═════ MATERIAL FOR THIS TASK ═════

lemma RH_deg_mult:
  assumes "x \<in> RH_deg Rg d" "y \<in> RH_deg Rg e"
  shows "x * y \<in> RH_deg Rg (d + e)"
proof -
  obtain b h a c where x: "x = b / h" "b \<in> Rg a" "h \<in> Rg c" "h \<noteq> 0" "d = a - c"
    using assms(1) by (rule RH_degE)
  obtain b' h' a' c' where y: "y = b' / h'" "b' \<in> Rg a'" "h' \<in> Rg c'" "h' \<noteq> 0" "e = a' - c'"
    using assms(2) by (rule RH_degE)
  have "(b * b') / (h * h') \<in> RH_deg Rg ((a + a') - (c + c'))"
    using x y by (intro RH_degI hom_mult) simp_all
  moreover have "x * y = (b * b') / (h * h')" "d + e = (a + a') - (c + c')"
    using x(1) y(1) unfolding x(5) y(5) by (simp_all add: algebra_simps)
  ultimately show ?thesis
    by simp
qed

lemma RH_deg_sum: "finite I \<Longrightarrow> (\<And>i. i \<in> I \<Longrightarrow> f i \<in> RH_deg Rg d) \<Longrightarrow> sum f I \<in> RH_deg Rg d"
  by (induction I rule: finite_induct) (auto intro: RH_deg_zero RH_deg_add)

lemma RH_deg_nonzero_degree:
  assumes "x \<in> RH_deg Rg d" "x \<noteq> 0"
  shows "d \<in> quot_group \<Gamma>"
proof -
  obtain b h a c where x: "x = b / h" "b \<in> Rg a" "h \<in> Rg c" "h \<noteq> 0" "d = a - c"
    using assms(1) by (rule RH_degE)
  have "b \<noteq> 0"
    using x assms(2) by auto
  then have "a \<in> \<Gamma>" "c \<in> \<Gamma>"
    using x hom_trivial by fastforce+
  then show ?thesis
    using x unfolding quot_group_def by blast
qed

text \<open>Multiplying by the product of all denominators reduces this to the uniqueness of
  homogeneous decompositions in \<open>R\<close>.\<close>

lemma RH_deg_sum_eq_zero:
  assumes S: "finite S" and x: "\<And>g. g \<in> S \<Longrightarrow> x g \<in> RH_deg Rg g" and "sum x S = 0" "g \<in> S"
  shows "x g = 0"
proof -
  have "\<exists>h c. h \<in> Rg c \<and> h \<noteq> 0 \<and> x g * h \<in> Rg (g + c)" if g: "g \<in> S" for g
  proof -
    obtain b h a c where "x g = b / h" "b \<in> Rg a" "h \<in> Rg c" "h \<noteq> 0" "g = a - c"
      using x[OF g] by (rule RH_degE)
    then show ?thesis
      by (intro exI[of _ h] exI[of _ c]) simp
  qed
  then obtain h c where h: "\<And>g. g \<in> S \<Longrightarrow> h g \<in> Rg (c g)" "\<And>g. g \<in> S \<Longrightarrow> h g \<noteq> 0"
    and xh: "\<And>g. g \<in> S \<Longrightarrow> x g * h g \<in> Rg (g + c g)"
    by metis
  define H where "H = prod h S"
  have "H \<noteq> 0"
    using S h by (simp add: H_def)
  have deg: "H * x g' \<in> Rg (sum c S + g')" if g': "g' \<in> S" for g'
  proof -
    have H: "H * x g' = (x g' * h g') * prod h (S - {g'})"
      unfolding H_def using S g' by (simp add: prod.remove mult_ac)
    have c: "sum c S + g' = (g' + c g') + sum c (S - {g'})"
      using S g' by (simp add: sum.remove algebra_simps)
    have "prod h (S - {g'}) \<in> Rg (sum c (S - {g'}))"
      using h by (intro hom_prod) (simp_all add: S)
    then show ?thesis
      unfolding H c by (rule hom_mult[OF xh[OF g']])
  qed
  have "(\<Sum>g'\<in>S. H * x g') = 0"
    using assms(3) by (simp add: sum_distrib_left[symmetric])
  then have "H * x g = 0"
    using hom_sum_eq_zero_shift[OF S deg _ assms(4)] by simp
  then show ?thesis
    using \<open>H \<noteq> 0\<close> by simp
qed
lemma transition_Gamma:
  assumes "v \<in> V" "p \<in> set (Gamma v)"
  shows "fst p \<in> H \<and> snd p \<in> H \<and> eps (fst p) = eps (snd p)"
proof -
  obtain W k p1 X p2 Y where split: "Gamma_split v W k p1 X p2 Y" using ex_Gamma_split[OF assms(1)] by blast
  note facts = Gamma_splitD[OF split]
  show ?thesis
  proof (cases "p \<in> set X")
    case True
    then show ?thesis using transition_in_system[OF facts(1)] facts(4) by blast
  next
    case False
    then have "p = (fst p2, snd p1)" using assms(2) facts(6) by simp
    then show ?thesis
      using transition_in_system[OF facts(1,2)] transition_in_system[OF facts(1,3)] facts(7,8) by simp
  qed
qed

lemma sigma_Gamma_base:
  assumes "v \<in> V" "b \<in> Eb"
  shows "sigma tail (Gamma v) b = 0"
proof -
  obtain W k p1 X p2 Y where "Gamma_split v W k p1 X p2 Y" using ex_Gamma_split[OF assms(1)] by blast
  then have "\<forall>i<length (Gamma v). walk_edge (Gamma v) i \<noteq> b"
    using assms(2) unfolding Gamma_split_def walk_edges_def by blast
  then show ?thesis unfolding sigma_def by (intro sum.neutral) auto
qed

lemma Gamma_incidence_eq:
  assumes "v \<in> V"
  shows "(\<Sum>e\<in>E. of_int (sigma tail (Gamma v) e) * incidence tail s e)
    = (\<Sum>p\<leftarrow>Gamma v. of_bool (snd p \<in> s) - of_bool (fst p \<in> s))"
proof -
  obtain W k p1 X p2 Y where "Gamma_split v W k p1 X p2 Y" using ex_Gamma_split[OF assms] by blast
  then have "Gamma v \<noteq> []" using Gamma_splitD(6) by simp
  then have "(\<Sum>e\<in>E. of_int (sigma tail (Gamma v) e) * incidence tail s e)
      = (\<Sum>i<length (Gamma v). of_bool (snd (Gamma v ! i) \<in> s) - of_bool (fst (Gamma v ! i) \<in> s))"
    using walk_edge_Gamma[OF assms] by (intro sigma_incidence_sum) auto
  then show ?thesis by (simp add: sum_list_sum_nth atLeast0LessThan)
qed

lemma Gamma_incidence_halfedges:
  assumes "v \<in> V"
  shows "(\<Sum>e\<in>E. of_int (sigma tail (Gamma v) e) * incidence tail (halfedges u) e) = 0"
proof -
  show ?thesis
    unfolding Gamma_incidence_eq[OF assms]
    using transition_Gamma[OF assms] by (intro sum_list_0_if_all_0) (auto simp: halfedges_at_def)
qed

text \<open>The transition of the Euler system at \<open>w\<close> whose outgoing half-edge is the first one
  traversed by \<open>Gamma w\<close>.\<close>

definition reference_transition :: "'v \<Rightarrow> 'h set" where
  "reference_transition w =
    (SOME s. \<exists>W k p1 X p2 Y. Gamma_split w W k p1 X p2 Y \<and> s = {fst p1, snd p1})"

lemma reference_transition_split:
  assumes "w \<in> V"
  obtains W k p1 X p2 Y
  where "Gamma_split w W k p1 X p2 Y" "reference_transition w = {fst p1, snd p1}"
proof -
  have "\<exists>W k p1 X p2 Y. Gamma_split w W k p1 X p2 Y \<and> reference_transition w = {fst p1, snd p1}"
    unfolding reference_transition_def by (rule someI_ex) (use ex_Gamma_split[OF assms] in blast)
  then show ?thesis using that by blast
qed

lemma reference_transition_subset:
  assumes "w \<in> V"
  shows "reference_transition w \<subseteq> halfedges w"
proof -
  obtain W k p1 X p2 Y
    where split: "Gamma_split w W k p1 X p2 Y" and ref: "reference_transition w = {fst p1, snd p1}"
    using reference_transition_split[OF assms] .
  show ?thesis
    using transition_in_system[OF Gamma_splitD(1,2)[OF split]] Gamma_splitD(7)[OF split]
    unfolding ref halfedges_at_def by auto
qed
lemma nn_integral_PiM_sq_norm_add_sum_centered_le:
  fixes \<phi> :: "'i \<Rightarrow> 'a \<Rightarrow> 'b::euclidean_space"
  assumes N: "\<And>j. prob_space (N j)" and "finite J"
    and integrable: "\<And>j. j \<in> J \<Longrightarrow> integrable (N j) (\<phi> j)"
    and centered: "\<And>j. j \<in> J \<Longrightarrow> (\<integral>s. \<phi> j s \<partial>N j) = 0"
  shows "(\<integral>\<^sup>+y. ennreal ((norm (c + (\<Sum>j\<in>J. \<phi> j (y j))))\<^sup>2) \<partial>PiM J N)
    \<le> ennreal ((norm c)\<^sup>2) + (\<Sum>j\<in>J. \<integral>\<^sup>+s. ennreal ((norm (\<phi> j s))\<^sup>2) \<partial>N j)"
  using \<open>finite J\<close> integrable centered
proof (induction J arbitrary: c rule: finite_induct)
  case empty
  interpret prob_space "PiM {} N"
    by (rule prob_space_PiM) (use N in auto)
  show ?case
    by (simp add: emeasure_space_1)
next
  case (insert j J)
  interpret product_sigma_finite N
    by (simp add: product_sigma_finite_def N prob_space_imp_sigma_finite)
  interpret PJ: prob_space "PiM J N"
    by (rule prob_space_PiM) (use N in auto)
  interpret Nj: prob_space "N j"
    by (rule N)
  have [measurable]: "\<phi> i \<in> borel_measurable (N i)" if "i \<in> insert j J" for i
    using insert.prems(1)[OF that] by simp
  let ?S = "\<lambda>y. c + (\<Sum>i\<in>J. \<phi> i (y i))"
  have sum_upd: "(\<Sum>i\<in>J. \<phi> i (if i = j then s else y i)) = (\<Sum>i\<in>J. \<phi> i (y i))" for y s
    using insert.hyps by (auto intro!: sum.cong)
  have "(\<integral>\<^sup>+y. ennreal ((norm (c + (\<Sum>i\<in>insert j J. \<phi> i (y i))))\<^sup>2) \<partial>PiM (insert j J) N)
      = (\<integral>\<^sup>+y. \<integral>\<^sup>+s. ennreal ((norm (?S y + \<phi> j s))\<^sup>2) \<partial>N j \<partial>PiM J N)"
    using insert.hyps by (subst product_nn_integral_insert) (auto simp: sum_upd algebra_simps)
  also have "\<dots> \<le> (\<integral>\<^sup>+y. ennreal ((norm (?S y))\<^sup>2) + (\<integral>\<^sup>+s. ennreal ((norm (\<phi> j s))\<^sup>2) \<partial>N j) \<partial>PiM J N)"
    using insert.prems by (intro nn_integral_mono Nj.nn_integral_sq_norm_add_centered_le) auto
  also have "\<dots> = (\<integral>\<^sup>+y. ennreal ((norm (?S y))\<^sup>2) \<partial>PiM J N) + (\<integral>\<^sup>+s. ennreal ((norm (\<phi> j s))\<^sup>2) \<partial>N j)"
    using insert.hyps by (subst nn_integral_add) (auto simp: PJ.emeasure_space_1)
  also have "\<dots> \<le> ennreal ((norm c)\<^sup>2) + (\<Sum>i\<in>J. \<integral>\<^sup>+s. ennreal ((norm (\<phi> i s))\<^sup>2) \<partial>N i)
      + (\<integral>\<^sup>+s. ennreal ((norm (\<phi> j s))\<^sup>2) \<partial>N j)"
    using insert.prems by (intro add_right_mono insert.IH) auto
  finally show ?case
    using insert.hyps by (simp add: add_ac)
qed

lemma (in prob_space) nn_integral_indep_vars_merge:
  fixes W :: "'i \<Rightarrow> 'a \<Rightarrow> 'b" and F :: "('i \<Rightarrow> 'b) \<Rightarrow> ennreal"
  assumes indep: "indep_vars N W UNIV" and law: "\<And>i. distr M (N i) (W i) = N i"
    and disjoint: "P \<inter> Q = {}" and finite: "finite P" "finite Q" and nonempty: "P \<union> Q \<noteq> {}"
    and F: "F \<in> borel_measurable (PiM (P \<union> Q) N)"
    and local: "\<And>w w'. (\<And>i. i \<in> P \<union> Q \<Longrightarrow> w i = w' i) \<Longrightarrow> F w = F w'"
  shows "(\<integral>\<^sup>+\<omega>. F (\<lambda>i. W i \<omega>) \<partial>M) = (\<integral>\<^sup>+x. \<integral>\<^sup>+y. F (merge P Q (x, y)) \<partial>PiM Q N \<partial>PiM P N)"
proof -
  have W: "W i \<in> measurable M (N i)" for i
    using indep unfolding indep_vars_def2 by auto
  have "prob_space (N i)" for i
    using prob_space_distr[OF W, of i] law by simp
  then interpret product_sigma_finite N
    by (simp add: product_sigma_finite_def prob_space_imp_sigma_finite)
  have "distr M (PiM (P \<union> Q) N) (\<lambda>\<omega>. \<lambda>i\<in>P \<union> Q. W i \<omega>) = PiM (P \<union> Q) (\<lambda>i. distr M (N i) (W i))"
    using indep_vars_subset[OF indep] indep_vars_iff_distr_eq_PiM'[OF nonempty] W by auto
  also have "\<dots> = PiM (P \<union> Q) N"
    by (simp add: law)
  finally have distr_eq: "distr M (PiM (P \<union> Q) N) (\<lambda>\<omega>. \<lambda>i\<in>P \<union> Q. W i \<omega>) = PiM (P \<union> Q) N" .
  have "(\<integral>\<^sup>+\<omega>. F (\<lambda>i. W i \<omega>) \<partial>M) = (\<integral>\<^sup>+\<omega>. F (\<lambda>i\<in>P \<union> Q. W i \<omega>) \<partial>M)"
    by (intro nn_integral_cong local) simp
  also have "\<dots> = (\<integral>\<^sup>+w. F w \<partial>PiM (P \<union> Q) N)"
    using F W by (subst distr_eq[symmetric], subst nn_integral_distr) (auto intro!: measurable_restrict simp: distr_eq)
  also have "\<dots> = (\<integral>\<^sup>+x. \<integral>\<^sup>+y. F (merge P Q (x, y)) \<partial>PiM Q N \<partial>PiM P N)"
    using disjoint finite F by (rule product_nn_integral_fold)
  finally show ?thesis .
qed

lemma nn_integral_ennreal_lincomb:
  assumes a: "\<And>i. i \<in> I \<Longrightarrow> a i \<in> borel_measurable M" and b: "b \<in> borel_measurable M"
    and nonneg: "\<And>i x. i \<in> I \<Longrightarrow> 0 \<le> a i x" "\<And>x. 0 \<le> b x" "0 \<le> \<alpha>" "0 \<le> \<beta>"
  shows "(\<integral>\<^sup>+x. ennreal (\<alpha> * (\<Sum>i\<in>I. a i x) + \<beta> * b x) \<partial>M)
    = ennreal \<alpha> * (\<Sum>i\<in>I. \<integral>\<^sup>+x. ennreal (a i x) \<partial>M) + ennreal \<beta> * (\<integral>\<^sup>+x. ennreal (b x) \<partial>M)"
proof -
  have "(\<integral>\<^sup>+x. ennreal (\<alpha> * (\<Sum>i\<in>I. a i x) + \<beta> * b x) \<partial>M)
      = (\<integral>\<^sup>+x. ennreal \<alpha> * (\<Sum>i\<in>I. ennreal (a i x)) + ennreal \<beta> * ennreal (b x) \<partial>M)"
    using nonneg by (intro nn_integral_cong) (simp add: sum_nonneg ennreal_mult)
  also have "\<dots> = ennreal \<alpha> * (\<Sum>i\<in>I. \<integral>\<^sup>+x. ennreal (a i x) \<partial>M) + ennreal \<beta> * (\<integral>\<^sup>+x. ennreal (b x) \<partial>M)"
    using a b by (simp add: nn_integral_add nn_integral_cmult nn_integral_sum)
  finally show ?thesis .
qed

definition ec_V :: "(nat \<Rightarrow> 'v::real_normed_vector \<Rightarrow> 's \<Rightarrow> 'v) \<Rightarrow> ('v \<Rightarrow> 's \<Rightarrow> 'v) \<Rightarrow> nat \<Rightarrow> real \<Rightarrow> real \<Rightarrow> 'v
    \<Rightarrow> (call \<Rightarrow> 's) \<Rightarrow> nat \<Rightarrow> nat \<Rightarrow> 'v" where
  "ec_V g C n \<gamma> \<eta> x0 w t i =
     \<eta> *\<^sub>R ec_e g C n \<gamma> \<eta> x0 w t i + ec_g g C n \<gamma> \<eta> x0 w t i - ec_h g C n \<gamma> \<eta> x0 w t i"

definition ec_D :: "(nat \<Rightarrow> 'v::real_normed_vector \<Rightarrow> 's \<Rightarrow> 'v) \<Rightarrow> ('v \<Rightarrow> 's \<Rightarrow> 'v) \<Rightarrow> nat \<Rightarrow> real \<Rightarrow> real \<Rightarrow> 'v
    \<Rightarrow> (call \<Rightarrow> 's) \<Rightarrow> nat \<Rightarrow> nat \<Rightarrow> 'v" where
  "ec_D g C n \<gamma> \<eta> x0 w t i = C (ec_V g C n \<gamma> \<eta> x0 w t i) (w (Comp t i))"

lemma ec_0 [simp]:
  "ec_x g C n \<gamma> \<eta> x0 w 0 = x0"
  "ec_e g C n \<gamma> \<eta> x0 w 0 i = 0"
  "ec_h g C n \<gamma> \<eta> x0 w 0 i = g i x0 (w (Oracle 0 i))"
  by (simp_all add: ec_x_def ec_e_def ec_h_def)

lemma ec_e_h_Suc [simp]:
  "ec_e g C n \<gamma> \<eta> x0 w (Suc t) i =
     ec_e g C n \<gamma> \<eta> x0 w t i + ec_g g C n \<gamma> \<eta> x0 w t i - ec_h g C n \<gamma> \<eta> x0 w t i - ec_D g C n \<gamma> \<eta> x0 w t i"
  "ec_h g C n \<gamma> \<eta> x0 w (Suc t) i = ec_h g C n \<gamma> \<eta> x0 w t i + ec_D g C n \<gamma> \<eta> x0 w t i"
  by (simp_all add: ec_x_def ec_e_def ec_h_def ec_g_def ec_D_def ec_V_def Let_def case_prod_beta)

lemma econtrol_h_mean:
  "snd (snd (snd (econtrol g C n \<gamma> \<eta> x0 w t))) = (1 / real n) *\<^sub>R (\<Sum>i<n. ec_h g C n \<gamma> \<eta> x0 w t i)"
proof (induction t)
  case (Suc t)
  then show ?case
    by (simp add: Let_def case_prod_beta ec_x_def ec_h_def ec_g_def ec_D_def ec_V_def ec_e_def
        sum.distrib scaleR_add_right)
qed (simp add: ec_h_def)

lemma ec_x_Suc [simp]:
  "ec_x g C n \<gamma> \<eta> x0 w (Suc t) =
     ec_x g C n \<gamma> \<eta> x0 w t - (\<gamma> / real n) *\<^sub>R (\<Sum>i<n. ec_h g C n \<gamma> \<eta> x0 w t i + ec_D g C n \<gamma> \<eta> x0 w t i)"
  using econtrol_h_mean[of g C n \<gamma> \<eta> x0 w t]
  by (simp add: Let_def case_prod_beta ec_x_def ec_h_def ec_g_def ec_D_def ec_V_def ec_e_def
      sum.distrib scaleR_add_right algebra_simps)

lemma ec_x_Suc_diff:
  "ec_x g C n \<gamma> \<eta> x0 w (Suc t) - ec_x g C n \<gamma> \<eta> x0 w t =
     - \<gamma> *\<^sub>R ((1 / real n) *\<^sub>R (\<Sum>i<n. ec_D g C n \<gamma> \<eta> x0 w t i - ec_V g C n \<gamma> \<eta> x0 w t i)
       + (1 / real n) *\<^sub>R (\<Sum>i<n. \<eta> *\<^sub>R ec_e g C n \<gamma> \<eta> x0 w t i + ec_g g C n \<gamma> \<eta> x0 w t i))"
proof -
  have "(\<Sum>i<n. ec_h g C n \<gamma> \<eta> x0 w t i + ec_D g C n \<gamma> \<eta> x0 w t i)
      = (\<Sum>i<n. ec_D g C n \<gamma> \<eta> x0 w t i - ec_V g C n \<gamma> \<eta> x0 w t i)
        + (\<Sum>i<n. \<eta> *\<^sub>R ec_e g C n \<gamma> \<eta> x0 w t i + ec_g g C n \<gamma> \<eta> x0 w t i)"
    unfolding sum.distrib[symmetric] by (rule sum.cong) (simp_all add: ec_V_def)
  then show ?thesis
    by (simp add: scaleR_add_right)
qed

lemma sq_norm_ec_step_le:
  "(norm (ec_x g C n \<gamma> \<eta> x0 w (Suc t) - ec_x g C n \<gamma> \<eta> x0 w t))\<^sup>2
    \<le> 2 * \<gamma>\<^sup>2 / real n * (\<Sum>i<n. (norm (ec_D g C n \<gamma> \<eta> x0 w t i - ec_V g C n \<gamma> \<eta> x0 w t i))\<^sup>2)
      + 2 * \<gamma>\<^sup>2 * (norm ((1 / real n) *\<^sub>R (\<Sum>i<n. \<eta> *\<^sub>R ec_e g C n \<gamma> \<eta> x0 w t i + ec_g g C n \<gamma> \<eta> x0 w t i)))\<^sup>2"
proof -
  let ?A = "(1 / real n) *\<^sub>R (\<Sum>i<n. ec_D g C n \<gamma> \<eta> x0 w t i - ec_V g C n \<gamma> \<eta> x0 w t i)"
  let ?B = "(1 / real n) *\<^sub>R (\<Sum>i<n. \<eta> *\<^sub>R ec_e g C n \<gamma> \<eta> x0 w t i + ec_g g C n \<gamma> \<eta> x0 w t i)"
  have "(norm (ec_x g C n \<gamma> \<eta> x0 w (Suc t) - ec_x g C n \<gamma> \<eta> x0 w t))\<^sup>2 = \<gamma>\<^sup>2 * (norm (?A + ?B))\<^sup>2"
    unfolding ec_x_Suc_diff by (simp add: power_mult_distrib)
  also have "\<dots> \<le> \<gamma>\<^sup>2 * (2 * (norm ?A)\<^sup>2 + 2 * (norm ?B)\<^sup>2)"
    by (intro mult_left_mono norm_add_squared_le) simp
  also have "\<dots> \<le> \<gamma>\<^sup>2 * (2 * ((1 / real n) * (\<Sum>i<n. (norm (ec_D g C n \<gamma> \<eta> x0 w t i - ec_V g C n \<gamma> \<eta> x0 w t i))\<^sup>2))
      + 2 * (norm ?B)\<^sup>2)"
    using norm_mean_squared_le[of "{..<n}"] by (intro mult_left_mono add_right_mono) auto
  finally show ?thesis
    by (simp add: algebra_simps)
qed

definition ec_calls :: "nat \<Rightarrow> nat \<Rightarrow> call set" where
  "ec_calls n t = case_prod Oracle ` ({..t} \<times> {..<n}) \<union> case_prod Comp ` ({..<t} \<times> {..<n})"

lemma ec_calls_iff [simp]:
  "Oracle s i \<in> ec_calls n t \<longleftrightarrow> s \<le> t \<and> i < n"
  "Comp s i \<in> ec_calls n t \<longleftrightarrow> s < t \<and> i < n"
  by (auto simp: ec_calls_def)

lemma finite_ec_calls: "finite (ec_calls n t)"
  by (simp add: ec_calls_def)

lemma ec_calls_Suc: "c \<in> ec_calls n t \<Longrightarrow> c \<in> ec_calls n (Suc t)"
  by (cases c) auto

lemma ec_step_cong:
  assumes "w (Oracle (Suc t) i) = w' (Oracle (Suc t) i)"
    and state: "ec_x g C n \<gamma> \<eta> x0 w t = ec_x g C n \<gamma> \<eta> x0 w' t"
      "ec_e g C n \<gamma> \<eta> x0 w t i = ec_e g C n \<gamma> \<eta> x0 w' t i" "ec_h g C n \<gamma> \<eta> x0 w t i = ec_h g C n \<gamma> \<eta> x0 w' t i"
  shows "ec_g g C n \<gamma> \<eta> x0 w t i = ec_g g C n \<gamma> \<eta> x0 w' t i"
    and "ec_V g C n \<gamma> \<eta> x0 w t i = ec_V g C n \<gamma> \<eta> x0 w' t i"
    and "w (Comp t i) = w' (Comp t i) \<Longrightarrow> ec_D g C n \<gamma> \<eta> x0 w t i = ec_D g C n \<gamma> \<eta> x0 w' t i"
  using assms by (simp_all add: ec_g_def ec_V_def ec_D_def)

lemma ec_state_cong:
  assumes "\<And>c. c \<in> ec_calls n t \<Longrightarrow> w c = w' c"
  shows "ec_x g C n \<gamma> \<eta> x0 w t = ec_x g C n \<gamma> \<eta> x0 w' t \<and>
    (\<forall>i<n. ec_e g C n \<gamma> \<eta> x0 w t i = ec_e g C n \<gamma> \<eta> x0 w' t i \<and> ec_h g C n \<gamma> \<eta> x0 w t i = ec_h g C n \<gamma> \<eta> x0 w' t i)"
  using assms
proof (induction t)
  case (Suc t)
  then have state: "ec_x g C n \<gamma> \<eta> x0 w t = ec_x g C n \<gamma> \<eta> x0 w' t \<and>
    (\<forall>i<n. ec_e g C n \<gamma> \<eta> x0 w t i = ec_e g C n \<gamma> \<eta> x0 w' t i \<and> ec_h g C n \<gamma> \<eta> x0 w t i = ec_h g C n \<gamma> \<eta> x0 w' t i)"
    using ec_calls_Suc by blast
  have "ec_g g C n \<gamma> \<eta> x0 w t i = ec_g g C n \<gamma> \<eta> x0 w' t i \<and> ec_D g C n \<gamma> \<eta> x0 w t i = ec_D g C n \<gamma> \<eta> x0 w' t i"
    if "i < n" for i
    using ec_step_cong[of w t i w' g C n \<gamma> \<eta> x0] Suc.prems state that by simp
  with state show ?case
    by (auto intro!: sum.cong)
qed simp

lemma ec_state_merge:
  assumes "ec_calls n t \<subseteq> P"
  shows "ec_x g C n \<gamma> \<eta> x0 (merge P Q (x, y)) t = ec_x g C n \<gamma> \<eta> x0 x t \<and>
    (\<forall>i<n. ec_e g C n \<gamma> \<eta> x0 (merge P Q (x, y)) t i = ec_e g C n \<gamma> \<eta> x0 x t i \<and>
      ec_h g C n \<gamma> \<eta> x0 (merge P Q (x, y)) t i = ec_h g C n \<gamma> \<eta> x0 x t i)"
  using assms by (intro ec_state_cong) (auto simp: merge_def)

═════

> _TASK INSTRUCTIONS_:
Above are the entries. Quote exactly the lines from the one bearing "(norm ?A)\<^sup>2 +" through the one bearing "by (simp add: ec_calls_def)".

> _SOLVED EXERCISE_:
  also have "\<dots> \<le> \<gamma>\<^sup>2 * (2 * (norm ?A)\<^sup>2 + 2 * (norm ?B)\<^sup>2)"
    by (intro mult_left_mono norm_add_squared_le) simp
  also have "\<dots> \<le> \<gamma>\<^sup>2 * (2 * ((1 / real n) * (\<Sum>i<n. (norm (ec_D g C n \<gamma> \<eta> x0 w t i - ec_V g C n \<gamma> \<eta> x0 w t i))\<^sup>2))
      + 2 * (norm ?B)\<^sup>2)"
    using norm_mean_squared_le[of "{..<n}"] by (intro mult_left_mono add_right_mono) auto
  finally show ?thesis
    by (simp add: algebra_simps)
qed

definition ec_calls :: "nat \<Rightarrow> nat \<Rightarrow> call set" where
  "ec_calls n t = case_prod Oracle ` ({..t} \<times> {..<n}) \<union> case_prod Comp ` ({..<t} \<times> {..<n})"

lemma ec_calls_iff [simp]:
  "Oracle s i \<in> ec_calls n t \<longleftrightarrow> s \<le> t \<and> i < n"
  "Comp s i \<in> ec_calls n t \<longleftrightarrow> s < t \<and> i < n"
  by (auto simp: ec_calls_def)

lemma finite_ec_calls: "finite (ec_calls n t)"
  by (simp add: ec_calls_def)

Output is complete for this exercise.